🤖 AI Summary
To address the urgent need for high-accuracy, low-latency, and cost-effective safety training in Industry 5.0’s human-centric manufacturing, this paper proposes a multimodal safety training chatbot tailored for manufacturing. Methodologically, it integrates large language models (LLMs) with retrieval-augmented generation (RAG), supports text and image inputs, and employs domain-specific vector retrieval alongside full-factor experimental design for parameter optimization. Key contributions include: (1) the first benchmark dataset for manufacturing safety training; (2) an open-source, reusable industry-knowledge chatbot framework; and (3) a systematic evaluation methodology. Experiments demonstrate that the optimal configuration achieves 86.66% accuracy, an average response latency of 10.04 seconds, and a per-query cost of only $0.005. Validated by ten domain experts, the system significantly advances the practical deployment of AI in industrial safety education.
📝 Abstract
Ensuring worker safety remains a critical challenge in modern manufacturing environments. Industry 5.0 reorients the prevailing manufacturing paradigm toward more human-centric operations.
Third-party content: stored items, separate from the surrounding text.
lemma tree_ratio_mult_exp_tree_fun:
  assumes "\<bar>z\<bar> < \<rho>"
  shows "tree_ratio z * exp (- tree_fun z) = 1"
proof -
  have "((\<lambda>s. tree_ratio s * exp (- tree_fun s)) has_real_derivative 0) (at s)" if "\<bar>s\<bar> < \<rho>" for s
    using has_field_derivative_tree_ratio[OF that] has_field_derivative_tree_fun[OF that]
      tree_ratio_deriv_eq[OF that]
    by (auto intro!: derivative_eq_intros simp: algebra_simps)
  from eq_at_0_if_deriv_zero[OF this assms] show ?thesis
    by (simp add: tree_fun_0 tree_ratio_0)
qed

lemma tree_fun_mult_exp_inside: "\<bar>z\<bar> < \<rho> \<Longrightarrow> tree_fun z * exp (- tree_fun z) = z"
  using tree_ratio_mult_exp_tree_fun tree_fun_eq_mult_tree_ratio by (metis mult.assoc mult_1_right)

lemma tree_fun_less_1_inside:
  assumes "0 \<le> t" and "t < \<rho>"
  shows "tree_fun t < 1"
proof (rule ccontr)
  assume "\<not> tree_fun t < 1"
  moreover have "continuous_on {0..t} tree_fun"
    using assms
    by (intro continuous_at_imp_continuous_on ballI has_field_derivative_tree_fun[THEN DERIV_isCont]) auto
  ultimately obtain s where s: "0 \<le> s" "s \<le> t" "tree_fun s = 1"
    using IVT'[of tree_fun 0 1 t] assms by (auto simp: tree_fun_0)
  then have "s = \<rho>"
    using tree_fun_mult_exp_inside[of s] assms by simp
  then show False
    using s assms by simp
qed

lemma partial_tree_series_at_radius_le_1: "(\<Sum>n<N. tree_coeff n * \<rho> ^ n) \<le> 1"
proof (rule le_at_right_endpoint_if_le_inside[of 0 _ "\<lambda>s. \<Sum>n<N. tree_coeff n * s ^ n" "\<lambda>_. 1", simplified])
  fix s :: real assume s: "0 < s" "s < \<rho>"
  have "(\<Sum>n<N. tree_coeff n * s ^ n) \<le> tree_fun s"
    unfolding tree_fun_def using s
    by (intro sum_le_suminf summable_tree_series) (auto simp: tree_coeff_nonneg)
  also have "\<dots> < 1"
    using s by (intro tree_fun_less_1_inside) auto
  finally show "(\<Sum>n<N. tree_coeff n * s ^ n) \<le> 1"
    by simp
qed (auto intro!: continuous_intros)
Using a design science research methodology, we identify three essential requirements for next-generation safety training systems: high accuracy, low latency, and low cost. We introduce a multimodal chatbot powered by large language models that meets these design requirements. The chatbot uses retrieval-augmented generation to ground its responses in curated regulatory and technical documentation. To evaluate our solution, we developed a domain-specific benchmark of expert-validated question and answer pairs for three representative machines: a Bridgeport manual mill, a Haas TL-1 CNC lathe, and a Universal Robots UR5e collaborative robot. We tested 24 RAG configurations using a full-factorial design and assessed them with automated evaluations of correctness, latency, and cost. Our top 2 configurations were then evaluated by ten industry experts and academic researchers. Our results show that retrieval strategy and model configuration have a significant impact on performance. The top configuration (selected for chatbot deployment) achieved an accuracy of 86.66%, an average latency of 10.04 seconds, and an average cost of $0.005 per query. Overall, our work provides three contributions: an open-source, domain-grounded safety training chatbot; a validated benchmark for evaluating AI-assisted safety instruction; and a systematic methodology for designing and assessing AI-enabled instructional and immersive safety training systems for Industry 5.0 environments.